Ask someone from Napa what they think of Lodi, and you’ll get a snicker. "Oh, do they make wine up there?"

Which is one reason why I enjoy wine from Lodi so much, and especially wine from Peirano Estate. Regular visitors to this space might know Peirano from The Other, the winery’s red and white blends, which I have written nice things about.

Peirano, and Lodi wines in general, are well-made, offer value, and aren’t pretentious. Case in point is the petite sirah ($15 at Central Market). Petite sirah is related to syrah, but has its own character and flavor. It’s a little deeper and the fruit flavors aren’t quite as jammy. The Peirano has lots of deep, dark rich plummy flavor, but it’s not as overwhelming as a shiraz. You can even drink it on its own, though it’s better with food. Serve this with pizza with tomato sauce and sausage, for example, or messy cheeseburgers with lots grilled onions and mushrooms.

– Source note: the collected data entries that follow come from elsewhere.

text \<open>Phi restricted to a circle C (of centre c and radius r) is conjugate to the rotation
  with rotation number rho by an orientation preserving homeomorphism psi : C -> S^1
  (C oriented counterclockwise).\<close>
definition conj_rot_circle ::
  "(real \<times> real) set \<Rightarrow> (real \<times> real \<Rightarrow> real \<times> real) \<Rightarrow> real \<Rightarrow> real \<times> real \<Rightarrow> real \<Rightarrow> bool" where
  "conj_rot_circle C F rho c r \<longleftrightarrow>
     (\<exists>psi. homeomorphic_map (top_of_set C) (top_of_set S1) psi \<and>
        winding_number (\<lambda>t. psi (fst c + r * cos (2*pi*t), snd c + r * sin (2*pi*t))) 0 = 1 \<and>
        (\<forall>p\<in>C. F p \<in> C \<and> psi (F p) = cis (2*pi*rho) * psi p))"

text \<open>The extended line R u {infinity} (None = infinity), with the one-point
  compactification topology.\<close>
definition extline_open :: "real option set \<Rightarrow> bool" where
  "extline_open U \<longleftrightarrow> open (Some -` U) \<and> (None \<in> U \<longrightarrow> bounded (Some -` (UNIV - U)))"

definition extline :: "real option topology" where
  "extline = topology extline_open"

definition extline_loop :: "real \<Rightarrow> real option" where
  "extline_loop t = (if 0 < t \<and> t < 1 then Some (tan (pi*(t - 1/2))) else None)"

text \<open>Phi on C_infinity = {y = -1/2} u {infinity}, in the x-coordinate, extended by continuity.\<close>
definition khk_inf :: "real \<Rightarrow> real option \<Rightarrow> real option" where
  "khk_inf e q = (case q of
      None \<Rightarrow> (if e = 0 then None else Some (-1/(2*e)))
    | Some x \<Rightarrow> (if khk_den e x (-1/2) = 0 then None else Some (fst (khk e (x, -1/2)))))"

definition conj_rot_inf :: "(real option \<Rightarrow> real option) \<Rightarrow> real \<Rightarrow> bool" where
  "conj_rot_inf F rho \<longleftrightarrow>
     (\<exists>psi. homeomorphic_map extline (top_of_set S1) psi \<and>
        winding_number (psi \<circ> extline_loop) 0 = 1 \<and>
        (\<forall>q. psi (F q) = cis (2*pi*rho) * psi q))"

end

theory Submission
  imports Defs
begin

(* In the complex coordinate z = x + i y the KHK map is the Moebius transformation
   z |-> (1 + i e) z / (1 - i e - 2 e z). It fixes 0 and -i, and the cross ratio w = z / (z + i)
   conjugates it to the rotation w |-> lambda w, lambda = (1 + i e) / (1 - i e) = cis (2 pi rho_plus e).
   In the coordinate w the curve C_h is the circle |w| = sqrt (h / (1 + h)) and C_infinity is |w| = 1,
   so w, rescaled to the unit circle, conjugates the map on each of them to the rotation by lambda.
   Orientation decides the rotation number: along C_h run counterclockwise, w winds once around 0
   when C_h surrounds 0 (h > 0), but once clockwise when C_h surrounds -i (h < -1); there 1/w is
   used instead, which rotates by 1/lambda = cis (2 pi rho_minus e). *)

section \<open>The KHK map as a Moebius transformation\<close>

definition to_complex :: "real \<times> real \<Rightarrow> complex" where
  "to_complex p = Complex (fst p) (snd p)"

lemma Re_to_complex [simp]: "Re (to_complex p) = fst p"
  and Im_to_complex [simp]: "Im (to_complex p) = snd p"
  by (simp_all add: to_complex_def)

A note about availability: Availability is the bane of my existence as a wine writer. One would think that high-tech inventory systems would make it easy to learn if a store carries a certain brand, but one would be wrong. Inventory remains as much art as science. When I list a store, I know the wine is there because I bought it there or saw it there. If it’s not there when you go, it’s probably sold out. Feel free, in the comments, to add retailers where you have seen or bought the wine.